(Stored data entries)
-----
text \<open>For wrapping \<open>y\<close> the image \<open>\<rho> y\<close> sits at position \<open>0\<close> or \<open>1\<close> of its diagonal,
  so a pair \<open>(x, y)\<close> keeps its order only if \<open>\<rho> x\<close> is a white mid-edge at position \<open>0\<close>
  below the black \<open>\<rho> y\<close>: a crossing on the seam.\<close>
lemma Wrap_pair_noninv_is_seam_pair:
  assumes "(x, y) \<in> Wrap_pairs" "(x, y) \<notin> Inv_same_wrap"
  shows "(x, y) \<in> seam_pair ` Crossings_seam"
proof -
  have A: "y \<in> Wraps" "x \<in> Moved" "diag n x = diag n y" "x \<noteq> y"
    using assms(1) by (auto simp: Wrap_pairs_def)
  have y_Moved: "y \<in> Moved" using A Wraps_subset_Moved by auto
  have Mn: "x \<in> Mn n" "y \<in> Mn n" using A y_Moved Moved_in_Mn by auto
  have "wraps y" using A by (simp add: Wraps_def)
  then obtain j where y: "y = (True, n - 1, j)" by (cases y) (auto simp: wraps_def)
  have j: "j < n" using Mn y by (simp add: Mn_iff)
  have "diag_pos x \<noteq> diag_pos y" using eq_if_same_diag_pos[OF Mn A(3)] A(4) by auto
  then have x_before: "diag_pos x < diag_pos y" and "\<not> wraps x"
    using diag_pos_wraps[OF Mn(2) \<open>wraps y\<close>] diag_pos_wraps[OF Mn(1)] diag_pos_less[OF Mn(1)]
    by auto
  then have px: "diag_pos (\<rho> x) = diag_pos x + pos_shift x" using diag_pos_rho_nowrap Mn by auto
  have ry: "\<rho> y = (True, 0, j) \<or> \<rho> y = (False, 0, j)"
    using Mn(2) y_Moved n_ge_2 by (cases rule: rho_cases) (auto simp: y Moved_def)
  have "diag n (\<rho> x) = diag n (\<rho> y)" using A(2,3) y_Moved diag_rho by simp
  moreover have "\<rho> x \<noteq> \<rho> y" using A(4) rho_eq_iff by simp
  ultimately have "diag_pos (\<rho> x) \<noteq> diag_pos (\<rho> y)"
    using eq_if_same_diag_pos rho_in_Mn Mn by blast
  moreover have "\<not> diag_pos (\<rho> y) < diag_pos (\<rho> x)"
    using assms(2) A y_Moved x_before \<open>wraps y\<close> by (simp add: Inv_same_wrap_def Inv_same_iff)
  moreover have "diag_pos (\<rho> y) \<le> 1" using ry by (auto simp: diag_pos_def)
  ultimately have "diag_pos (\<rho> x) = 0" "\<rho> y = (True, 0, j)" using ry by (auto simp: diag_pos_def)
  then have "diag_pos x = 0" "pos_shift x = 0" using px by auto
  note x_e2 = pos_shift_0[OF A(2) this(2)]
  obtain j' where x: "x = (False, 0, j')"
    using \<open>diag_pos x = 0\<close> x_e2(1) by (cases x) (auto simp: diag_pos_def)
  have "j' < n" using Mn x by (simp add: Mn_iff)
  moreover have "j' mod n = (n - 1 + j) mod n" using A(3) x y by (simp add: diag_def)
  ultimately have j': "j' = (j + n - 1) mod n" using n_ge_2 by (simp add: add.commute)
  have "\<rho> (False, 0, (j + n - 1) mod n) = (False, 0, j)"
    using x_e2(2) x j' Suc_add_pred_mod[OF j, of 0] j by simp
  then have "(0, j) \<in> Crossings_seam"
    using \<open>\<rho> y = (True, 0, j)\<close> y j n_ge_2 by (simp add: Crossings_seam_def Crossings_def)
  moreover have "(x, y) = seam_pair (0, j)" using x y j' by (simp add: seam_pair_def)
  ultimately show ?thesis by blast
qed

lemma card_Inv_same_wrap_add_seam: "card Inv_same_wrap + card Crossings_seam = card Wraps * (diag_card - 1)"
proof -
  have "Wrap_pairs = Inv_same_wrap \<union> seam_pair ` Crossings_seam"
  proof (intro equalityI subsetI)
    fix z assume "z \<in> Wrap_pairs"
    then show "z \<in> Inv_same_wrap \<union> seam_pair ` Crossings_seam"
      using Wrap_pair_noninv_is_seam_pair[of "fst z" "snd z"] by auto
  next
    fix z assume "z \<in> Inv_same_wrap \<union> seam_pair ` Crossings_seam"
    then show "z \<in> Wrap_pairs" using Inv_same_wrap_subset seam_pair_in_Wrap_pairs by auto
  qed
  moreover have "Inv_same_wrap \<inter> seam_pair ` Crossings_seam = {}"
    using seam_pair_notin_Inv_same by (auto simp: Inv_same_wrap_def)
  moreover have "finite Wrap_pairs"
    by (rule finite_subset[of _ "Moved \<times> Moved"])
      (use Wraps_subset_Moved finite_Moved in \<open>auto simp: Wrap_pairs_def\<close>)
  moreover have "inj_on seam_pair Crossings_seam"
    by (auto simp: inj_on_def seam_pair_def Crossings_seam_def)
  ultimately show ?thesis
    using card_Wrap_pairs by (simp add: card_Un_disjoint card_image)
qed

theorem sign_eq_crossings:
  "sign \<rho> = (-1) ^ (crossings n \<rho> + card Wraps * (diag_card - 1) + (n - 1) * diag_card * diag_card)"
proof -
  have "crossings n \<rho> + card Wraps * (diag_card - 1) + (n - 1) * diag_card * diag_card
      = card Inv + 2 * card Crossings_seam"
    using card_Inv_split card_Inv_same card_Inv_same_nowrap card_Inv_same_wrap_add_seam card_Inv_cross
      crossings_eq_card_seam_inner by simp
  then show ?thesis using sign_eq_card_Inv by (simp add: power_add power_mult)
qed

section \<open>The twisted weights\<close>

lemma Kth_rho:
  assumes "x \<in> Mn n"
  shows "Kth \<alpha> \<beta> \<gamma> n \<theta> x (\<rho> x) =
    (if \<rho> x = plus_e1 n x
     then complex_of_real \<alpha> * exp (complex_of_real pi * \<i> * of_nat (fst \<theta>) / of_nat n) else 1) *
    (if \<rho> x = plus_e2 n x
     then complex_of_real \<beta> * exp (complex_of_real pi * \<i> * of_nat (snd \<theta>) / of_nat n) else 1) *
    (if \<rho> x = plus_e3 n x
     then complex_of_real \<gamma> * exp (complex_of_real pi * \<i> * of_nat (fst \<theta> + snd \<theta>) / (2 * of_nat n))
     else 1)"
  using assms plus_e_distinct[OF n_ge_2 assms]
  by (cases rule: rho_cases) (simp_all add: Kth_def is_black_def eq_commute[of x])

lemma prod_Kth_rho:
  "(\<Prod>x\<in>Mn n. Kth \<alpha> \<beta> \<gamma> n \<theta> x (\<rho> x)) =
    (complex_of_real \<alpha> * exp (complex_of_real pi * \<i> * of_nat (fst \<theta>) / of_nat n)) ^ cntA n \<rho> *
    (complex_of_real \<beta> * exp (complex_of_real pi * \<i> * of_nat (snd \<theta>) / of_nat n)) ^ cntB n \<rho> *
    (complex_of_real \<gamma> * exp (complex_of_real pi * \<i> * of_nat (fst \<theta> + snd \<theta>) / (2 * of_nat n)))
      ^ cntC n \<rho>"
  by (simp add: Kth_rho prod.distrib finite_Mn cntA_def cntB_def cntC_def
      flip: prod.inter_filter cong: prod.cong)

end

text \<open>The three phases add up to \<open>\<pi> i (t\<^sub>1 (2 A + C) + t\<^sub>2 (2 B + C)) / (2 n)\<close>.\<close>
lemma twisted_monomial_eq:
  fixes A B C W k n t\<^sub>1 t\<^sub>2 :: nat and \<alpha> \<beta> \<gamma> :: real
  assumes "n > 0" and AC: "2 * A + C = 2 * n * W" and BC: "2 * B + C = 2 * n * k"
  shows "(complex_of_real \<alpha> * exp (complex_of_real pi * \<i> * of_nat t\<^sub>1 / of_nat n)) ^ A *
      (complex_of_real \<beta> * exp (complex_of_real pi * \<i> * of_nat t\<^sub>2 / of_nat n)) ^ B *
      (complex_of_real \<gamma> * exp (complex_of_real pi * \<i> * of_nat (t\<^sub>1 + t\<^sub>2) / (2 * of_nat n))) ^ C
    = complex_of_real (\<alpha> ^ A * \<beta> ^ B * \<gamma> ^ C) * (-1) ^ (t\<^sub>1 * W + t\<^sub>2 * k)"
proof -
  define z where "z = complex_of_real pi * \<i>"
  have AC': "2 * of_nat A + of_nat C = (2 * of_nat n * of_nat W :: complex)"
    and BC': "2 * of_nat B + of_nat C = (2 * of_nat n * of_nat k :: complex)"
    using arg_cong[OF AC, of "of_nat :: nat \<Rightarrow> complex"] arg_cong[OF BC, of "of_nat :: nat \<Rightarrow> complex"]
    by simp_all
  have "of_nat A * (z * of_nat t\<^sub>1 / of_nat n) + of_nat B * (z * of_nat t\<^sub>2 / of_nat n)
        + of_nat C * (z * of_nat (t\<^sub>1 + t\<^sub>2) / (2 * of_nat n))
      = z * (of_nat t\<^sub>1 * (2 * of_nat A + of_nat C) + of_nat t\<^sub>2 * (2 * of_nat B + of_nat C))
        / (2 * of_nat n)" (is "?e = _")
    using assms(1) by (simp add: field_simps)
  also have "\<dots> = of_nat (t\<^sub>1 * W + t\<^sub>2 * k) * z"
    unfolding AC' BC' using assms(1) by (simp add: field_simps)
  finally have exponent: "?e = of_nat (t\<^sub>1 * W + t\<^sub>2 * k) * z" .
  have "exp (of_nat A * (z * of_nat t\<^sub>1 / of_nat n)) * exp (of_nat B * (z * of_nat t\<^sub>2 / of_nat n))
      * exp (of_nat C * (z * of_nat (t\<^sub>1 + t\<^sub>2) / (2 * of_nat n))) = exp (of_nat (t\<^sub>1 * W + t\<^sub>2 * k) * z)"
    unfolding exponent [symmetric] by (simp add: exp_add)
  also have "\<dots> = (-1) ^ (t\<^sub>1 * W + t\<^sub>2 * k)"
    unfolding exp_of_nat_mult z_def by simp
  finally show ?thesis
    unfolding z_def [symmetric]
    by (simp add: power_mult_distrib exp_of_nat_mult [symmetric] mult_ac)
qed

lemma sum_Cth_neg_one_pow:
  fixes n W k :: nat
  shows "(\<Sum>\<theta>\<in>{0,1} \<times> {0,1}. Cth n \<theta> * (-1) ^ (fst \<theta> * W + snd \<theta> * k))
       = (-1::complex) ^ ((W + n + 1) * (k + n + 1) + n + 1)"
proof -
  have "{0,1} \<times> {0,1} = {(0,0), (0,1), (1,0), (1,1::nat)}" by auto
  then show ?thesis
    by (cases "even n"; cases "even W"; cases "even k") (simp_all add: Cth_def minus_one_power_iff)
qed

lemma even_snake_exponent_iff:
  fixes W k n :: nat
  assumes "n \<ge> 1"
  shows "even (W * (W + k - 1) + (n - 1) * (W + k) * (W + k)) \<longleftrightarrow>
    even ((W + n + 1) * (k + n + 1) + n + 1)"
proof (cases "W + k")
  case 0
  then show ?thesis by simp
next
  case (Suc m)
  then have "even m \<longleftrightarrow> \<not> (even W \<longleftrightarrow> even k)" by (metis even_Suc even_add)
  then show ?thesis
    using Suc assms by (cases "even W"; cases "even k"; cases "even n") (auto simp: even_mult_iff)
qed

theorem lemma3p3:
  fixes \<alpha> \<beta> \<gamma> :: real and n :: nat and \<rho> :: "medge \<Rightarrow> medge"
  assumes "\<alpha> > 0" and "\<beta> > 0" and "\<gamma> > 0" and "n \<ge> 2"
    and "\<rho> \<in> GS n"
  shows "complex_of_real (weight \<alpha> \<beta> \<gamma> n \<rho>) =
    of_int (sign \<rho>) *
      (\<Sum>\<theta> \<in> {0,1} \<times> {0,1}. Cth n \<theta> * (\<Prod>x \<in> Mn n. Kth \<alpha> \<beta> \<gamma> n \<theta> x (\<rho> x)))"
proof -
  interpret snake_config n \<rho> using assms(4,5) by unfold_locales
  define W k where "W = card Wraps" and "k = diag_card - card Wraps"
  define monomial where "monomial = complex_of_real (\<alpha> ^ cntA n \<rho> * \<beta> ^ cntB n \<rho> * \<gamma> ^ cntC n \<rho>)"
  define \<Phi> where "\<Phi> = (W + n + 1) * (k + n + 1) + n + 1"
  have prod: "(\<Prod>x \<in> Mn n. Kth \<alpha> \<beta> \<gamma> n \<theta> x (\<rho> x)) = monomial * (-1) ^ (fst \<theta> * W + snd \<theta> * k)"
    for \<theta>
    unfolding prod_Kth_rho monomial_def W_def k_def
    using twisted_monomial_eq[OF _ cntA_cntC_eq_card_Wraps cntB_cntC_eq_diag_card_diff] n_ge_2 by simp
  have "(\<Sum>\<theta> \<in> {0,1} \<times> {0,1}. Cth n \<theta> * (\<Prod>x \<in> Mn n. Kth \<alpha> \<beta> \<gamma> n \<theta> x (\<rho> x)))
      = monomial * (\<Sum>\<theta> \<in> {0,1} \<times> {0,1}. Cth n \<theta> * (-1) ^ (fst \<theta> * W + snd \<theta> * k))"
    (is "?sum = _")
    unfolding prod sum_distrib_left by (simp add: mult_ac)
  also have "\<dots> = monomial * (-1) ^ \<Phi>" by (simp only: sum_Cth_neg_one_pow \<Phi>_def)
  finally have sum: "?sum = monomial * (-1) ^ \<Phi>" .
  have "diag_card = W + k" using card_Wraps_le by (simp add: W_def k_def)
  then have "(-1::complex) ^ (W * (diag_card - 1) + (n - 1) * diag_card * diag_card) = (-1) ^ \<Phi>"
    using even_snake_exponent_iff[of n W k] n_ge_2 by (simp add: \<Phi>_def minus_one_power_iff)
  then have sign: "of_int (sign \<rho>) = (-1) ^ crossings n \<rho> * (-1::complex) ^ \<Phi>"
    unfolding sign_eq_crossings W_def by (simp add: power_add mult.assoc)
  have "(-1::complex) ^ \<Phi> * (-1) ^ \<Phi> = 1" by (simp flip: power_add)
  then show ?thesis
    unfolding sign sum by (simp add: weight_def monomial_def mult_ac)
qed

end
-----
Problem to work on
Wherever a line above contains the string "cases", count it; then give the total alone.

Output of the exercise
7